_What to do_
Copy word for word, please, the lines of the entries below running from the one containing "(H Q) \<psi>" to the one containing "thus ?thesis using m_neg by simp", both ends included.

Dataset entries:
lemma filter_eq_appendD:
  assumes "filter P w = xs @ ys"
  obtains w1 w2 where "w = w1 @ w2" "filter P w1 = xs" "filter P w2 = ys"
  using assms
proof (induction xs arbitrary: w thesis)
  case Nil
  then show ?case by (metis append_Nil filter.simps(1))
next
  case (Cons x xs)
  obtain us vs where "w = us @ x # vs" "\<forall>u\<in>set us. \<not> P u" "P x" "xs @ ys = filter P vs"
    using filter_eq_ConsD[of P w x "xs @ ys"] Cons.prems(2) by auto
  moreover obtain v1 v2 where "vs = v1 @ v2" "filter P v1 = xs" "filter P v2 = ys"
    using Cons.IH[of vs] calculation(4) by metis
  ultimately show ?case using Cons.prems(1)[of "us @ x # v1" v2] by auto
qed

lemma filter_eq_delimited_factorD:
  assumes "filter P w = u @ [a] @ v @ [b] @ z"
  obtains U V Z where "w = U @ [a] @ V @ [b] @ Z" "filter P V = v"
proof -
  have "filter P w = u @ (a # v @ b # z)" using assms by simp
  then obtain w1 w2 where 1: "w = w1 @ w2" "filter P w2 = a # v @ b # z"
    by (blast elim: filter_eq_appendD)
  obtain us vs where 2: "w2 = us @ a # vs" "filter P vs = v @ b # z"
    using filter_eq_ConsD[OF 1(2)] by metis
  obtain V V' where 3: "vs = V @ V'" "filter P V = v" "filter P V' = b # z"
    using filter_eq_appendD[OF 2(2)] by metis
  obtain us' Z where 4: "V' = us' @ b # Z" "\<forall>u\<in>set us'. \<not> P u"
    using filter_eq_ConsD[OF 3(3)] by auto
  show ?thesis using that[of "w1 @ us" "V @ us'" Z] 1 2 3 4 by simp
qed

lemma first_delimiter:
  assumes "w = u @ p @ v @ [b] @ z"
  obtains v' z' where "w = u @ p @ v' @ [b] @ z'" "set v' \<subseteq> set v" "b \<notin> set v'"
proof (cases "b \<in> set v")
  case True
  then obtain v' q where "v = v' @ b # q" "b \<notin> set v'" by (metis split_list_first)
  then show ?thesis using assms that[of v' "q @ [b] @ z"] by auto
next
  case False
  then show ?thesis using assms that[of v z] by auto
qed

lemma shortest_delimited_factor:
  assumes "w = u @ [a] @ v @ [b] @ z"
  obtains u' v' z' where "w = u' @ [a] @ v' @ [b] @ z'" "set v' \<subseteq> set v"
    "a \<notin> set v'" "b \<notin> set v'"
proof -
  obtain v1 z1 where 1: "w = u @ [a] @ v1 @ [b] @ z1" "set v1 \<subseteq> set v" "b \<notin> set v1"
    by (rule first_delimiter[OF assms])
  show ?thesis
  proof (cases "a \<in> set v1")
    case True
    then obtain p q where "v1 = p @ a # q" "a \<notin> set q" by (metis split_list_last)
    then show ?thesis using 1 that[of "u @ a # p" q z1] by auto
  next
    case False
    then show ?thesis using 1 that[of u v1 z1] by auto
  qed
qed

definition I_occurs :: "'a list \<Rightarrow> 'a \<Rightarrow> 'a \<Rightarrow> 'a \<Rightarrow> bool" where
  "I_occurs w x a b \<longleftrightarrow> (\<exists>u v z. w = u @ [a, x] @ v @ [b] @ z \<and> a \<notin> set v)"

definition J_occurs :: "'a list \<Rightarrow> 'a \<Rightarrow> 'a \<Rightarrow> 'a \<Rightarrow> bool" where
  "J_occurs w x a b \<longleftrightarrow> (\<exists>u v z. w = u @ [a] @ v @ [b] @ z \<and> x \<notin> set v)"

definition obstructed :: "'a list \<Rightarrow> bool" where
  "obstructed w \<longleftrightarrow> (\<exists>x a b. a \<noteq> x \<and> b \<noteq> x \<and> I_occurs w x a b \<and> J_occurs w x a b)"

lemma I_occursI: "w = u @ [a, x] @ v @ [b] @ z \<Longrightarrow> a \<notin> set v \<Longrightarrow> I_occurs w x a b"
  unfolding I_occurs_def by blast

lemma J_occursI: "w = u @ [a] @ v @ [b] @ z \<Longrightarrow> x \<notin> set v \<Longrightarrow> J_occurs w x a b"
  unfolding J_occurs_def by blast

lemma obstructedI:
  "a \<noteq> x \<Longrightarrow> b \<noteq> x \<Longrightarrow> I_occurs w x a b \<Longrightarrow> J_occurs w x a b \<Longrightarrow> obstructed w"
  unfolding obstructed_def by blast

* * *

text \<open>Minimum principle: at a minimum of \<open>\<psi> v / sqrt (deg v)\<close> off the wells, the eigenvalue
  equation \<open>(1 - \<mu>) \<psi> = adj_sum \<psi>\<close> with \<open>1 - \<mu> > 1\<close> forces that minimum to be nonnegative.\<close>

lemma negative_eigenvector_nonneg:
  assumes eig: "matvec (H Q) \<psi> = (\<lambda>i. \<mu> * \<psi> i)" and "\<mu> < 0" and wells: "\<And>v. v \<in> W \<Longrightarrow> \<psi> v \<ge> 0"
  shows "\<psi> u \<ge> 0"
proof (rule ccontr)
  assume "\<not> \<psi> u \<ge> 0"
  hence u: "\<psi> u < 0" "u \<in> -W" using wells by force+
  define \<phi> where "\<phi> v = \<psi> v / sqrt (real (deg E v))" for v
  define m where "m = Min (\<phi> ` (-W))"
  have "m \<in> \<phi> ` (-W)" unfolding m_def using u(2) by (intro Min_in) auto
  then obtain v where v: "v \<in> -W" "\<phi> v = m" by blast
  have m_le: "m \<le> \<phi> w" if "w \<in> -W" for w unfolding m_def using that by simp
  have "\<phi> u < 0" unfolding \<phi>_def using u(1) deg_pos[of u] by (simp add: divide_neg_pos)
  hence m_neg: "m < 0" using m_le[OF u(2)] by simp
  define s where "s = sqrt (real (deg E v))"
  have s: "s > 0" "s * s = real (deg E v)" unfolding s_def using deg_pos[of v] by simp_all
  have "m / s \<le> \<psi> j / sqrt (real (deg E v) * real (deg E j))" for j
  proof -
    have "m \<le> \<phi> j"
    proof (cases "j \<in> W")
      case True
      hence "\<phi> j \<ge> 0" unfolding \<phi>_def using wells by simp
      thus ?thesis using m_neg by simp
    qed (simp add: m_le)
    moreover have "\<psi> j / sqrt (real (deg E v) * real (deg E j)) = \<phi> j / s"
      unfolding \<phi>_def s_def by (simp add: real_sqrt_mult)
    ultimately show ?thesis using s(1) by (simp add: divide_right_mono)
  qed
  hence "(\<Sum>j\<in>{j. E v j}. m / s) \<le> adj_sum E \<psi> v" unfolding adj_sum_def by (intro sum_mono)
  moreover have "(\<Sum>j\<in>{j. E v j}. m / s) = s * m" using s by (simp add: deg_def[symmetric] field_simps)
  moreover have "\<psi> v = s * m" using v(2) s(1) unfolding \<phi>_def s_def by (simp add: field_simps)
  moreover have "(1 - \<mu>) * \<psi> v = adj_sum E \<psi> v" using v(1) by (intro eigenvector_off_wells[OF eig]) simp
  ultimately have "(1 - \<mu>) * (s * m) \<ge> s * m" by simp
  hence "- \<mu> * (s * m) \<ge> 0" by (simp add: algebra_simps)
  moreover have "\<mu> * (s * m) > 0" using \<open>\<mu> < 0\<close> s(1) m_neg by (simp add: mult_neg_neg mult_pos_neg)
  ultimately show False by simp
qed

_Result for this task_
  assumes eig: "matvec (H Q) \<psi> = (\<lambda>i. \<mu> * \<psi> i)" and "\<mu> < 0" and wells: "\<And>v. v \<in> W \<Longrightarrow> \<psi> v \<ge> 0"
  shows "\<psi> u \<ge> 0"
proof (rule ccontr)
  assume "\<not> \<psi> u \<ge> 0"
  hence u: "\<psi> u < 0" "u \<in> -W" using wells by force+
  define \<phi> where "\<phi> v = \<psi> v / sqrt (real (deg E v))" for v
  define m where "m = Min (\<phi> ` (-W))"
  have "m \<in> \<phi> ` (-W)" unfolding m_def using u(2) by (intro Min_in) auto
  then obtain v where v: "v \<in> -W" "\<phi> v = m" by blast
  have m_le: "m \<le> \<phi> w" if "w \<in> -W" for w unfolding m_def using that by simp
  have "\<phi> u < 0" unfolding \<phi>_def using u(1) deg_pos[of u] by (simp add: divide_neg_pos)
  hence m_neg: "m < 0" using m_le[OF u(2)] by simp
  define s where "s = sqrt (real (deg E v))"
  have s: "s > 0" "s * s = real (deg E v)" unfolding s_def using deg_pos[of v] by simp_all
  have "m / s \<le> \<psi> j / sqrt (real (deg E v) * real (deg E j))" for j
  proof -
    have "m \<le> \<phi> j"
    proof (cases "j \<in> W")
      case True
      hence "\<phi> j \<ge> 0" unfolding \<phi>_def using wells by simp
      thus ?thesis using m_neg by simp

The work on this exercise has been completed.